The loss of a few library subscriptions is worth it to Nature but this is
another illustration of the ways that scholarly communication and profit-making
do not mix.

David L. Osterbur, Ph.D.
Access and Public Services Librarian
Countway Medical Library
Harvard Medical School
10 Shattuck Street
Boston, MA   02115
Voice: 617 432-2636
Fax:  617 432-4739
E-Mail: david_osterbur@hms.harvard.edu

-----Original Message-----
From: owner-liblicense-l@lists.yale.edu
[mailto:owner-liblicense-l@lists.yale.edu] On Behalf Of David Thibodeau
Sent: Thursday, October 01, 2009 2:58 PM
To: liblicense-l@lists.yale.edu
Subject: un-Nature-al (beware of rant below)

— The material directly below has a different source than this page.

(* Let $(\mathfrak g,[\cdot,\cdot],\alpha,\varepsilon,B_{\mathfrak g})$ be a quadratic multiplicative color Hom-Lie algebra, $\rho$ a faithful representation of $\mathfrak g$ on $(M,\beta)$ with $\alpha^2=\mathrm{id}$ and $\beta^2=\mathrm{id}$, and assume $\tilde\rho$, $\tilde\rho(x)(f)=-\varepsilon(x,f)\,f\circ\rho(x)$, is a representation of $\mathfrak g$ on $(M^*,\tilde\beta)$, $\tilde\beta(f)=f\circ\beta$. Let $\mathscr D:M\otimes M^*\to\mathfrak g$ be the even linear map with $B_{\mathfrak g}(x,\mathscr D(m\otimes f))=\langle\rho(\alpha(x))(m),f\rangle$ for all $x$, where $\langle n,f\rangle=\varepsilon(n,f)f(n)$, and equip $M\otimes M^*$ with the bracket $[m\otimes f,m'\otimes f']=\rho(\mathscr D(m\otimes f))(m')\otimes\tilde\beta(f')+\varepsilon(m+f,m')\,\beta(m')\otimes\tilde\rho(\mathscr D(m\otimes f))(f')$ and twist $\beta\otimes\tilde\beta$. If $\mathscr D$ is bijective, then $(M\otimes M^*,[\cdot,\cdot],\beta\otimes\tilde\beta)$ is a quadratic color Hom-Leibniz algebra with respect to the bilinear form $B(u,v)=B_{\mathfrak g}(\mathscr D(u),\mathscr D(v))$; that is, $B$ is nondegenerate, $\varepsilon$-symmetric, invariant ($B([u,v],w)=B(u,[v,w])$), and $\beta\otimes\tilde\beta$ is $B$-symmetric.
   Context: $\mathbb K$ is a field of characteristic zero and $\Gamma$ an abelian group. A bicharacter is a map $\varepsilon:\Gamma\times\Gamma\to\mathbb K\setminus\{0\}$ with $\varepsilon(a,b)\varepsilon(b,a)=1$, $\varepsilon(a,b+c)=\varepsilon(a,b)\varepsilon(a,c)$, $\varepsilon(a+b,c)=\varepsilon(a,c)\varepsilon(b,c)$; for homogeneous elements $\varepsilon(x,y)=\varepsilon(\deg x,\deg y)$. A color Hom-Lie algebra $(\mathfrak g,[\cdot,\cdot],\alpha,\varepsilon)$: $\Gamma$-graded space, even bilinear bracket, even linear $\alpha$, with $[x,y]=-\varepsilon(x,y)[y,x]$ and $\varepsilon(z,x)[\alpha(x),[y,z]]+\varepsilon(x,y)[\alpha(y),[z,x]]+\varepsilon(y,z)[\alpha(z),[x,y]]=0$; multiplicative means $\alpha([x,y])=[\alpha(x),\alpha(y)]$; quadratic means equipped with a nondegenerate $\varepsilon$-symmetric ($B(x,y)=\varepsilon(x,y)B(y,x)$) invariant bilinear form with $\alpha$ $B$-symmetric. A representation of multiplicative $\mathfrak g$ on $(M,\beta)$ is an even linear $\rho:\mathfrak g\to\mathfrak{gl}(M)$ with $\rho([x,y])\circ\beta=\rho(\alpha(x))\circ\rho(y)-\varepsilon(x,y)\rho(\alpha(y))\circ\rho(x)$ and $\beta\circ\rho(x)=\rho(\alpha(x))\circ\beta$; faithful means injective. A color Hom-Leibniz algebra $(L,[\cdot,\cdot],\tau,\varepsilon)$ is a $\Gamma$-graded space with even bilinear bracket and even linear $\tau$ satisfying $[\tau(u),[v,w]]=[[u,v],\tau(w)]+\varepsilon(u,v)[\tau(v),[u,w]]$; it is quadratic if equipped with a nondegenerate, $\varepsilon$-symmetric, invariant bilinear form for which $\tau$ is symmetric. *)

theory Defs
  imports Complex_Main
begin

This year our subscription to Scientific American went up from $39.95/year to
$299.00/year.  As a result of Scientific American becoming a wholy owned and
operated entity within Nature Publishing Group in April they are now subject to
their tier pricing scam.  While SciAm was nice to have around for the last 150
years plus, it is a magazine and not a necessary part of our academic
collection.  It did, however, have a place in academia, primarily on the
display rack for our humanities students.  What are the folks over at Nature
thinking???  A modest price increase would have been tolerable but this is
absurd.  Surely the title was still profitable, does anyone know differntly?
I am not a sentimentalist and I am all for online news but this is more
disturbing than the collapse of the print newspaper industry.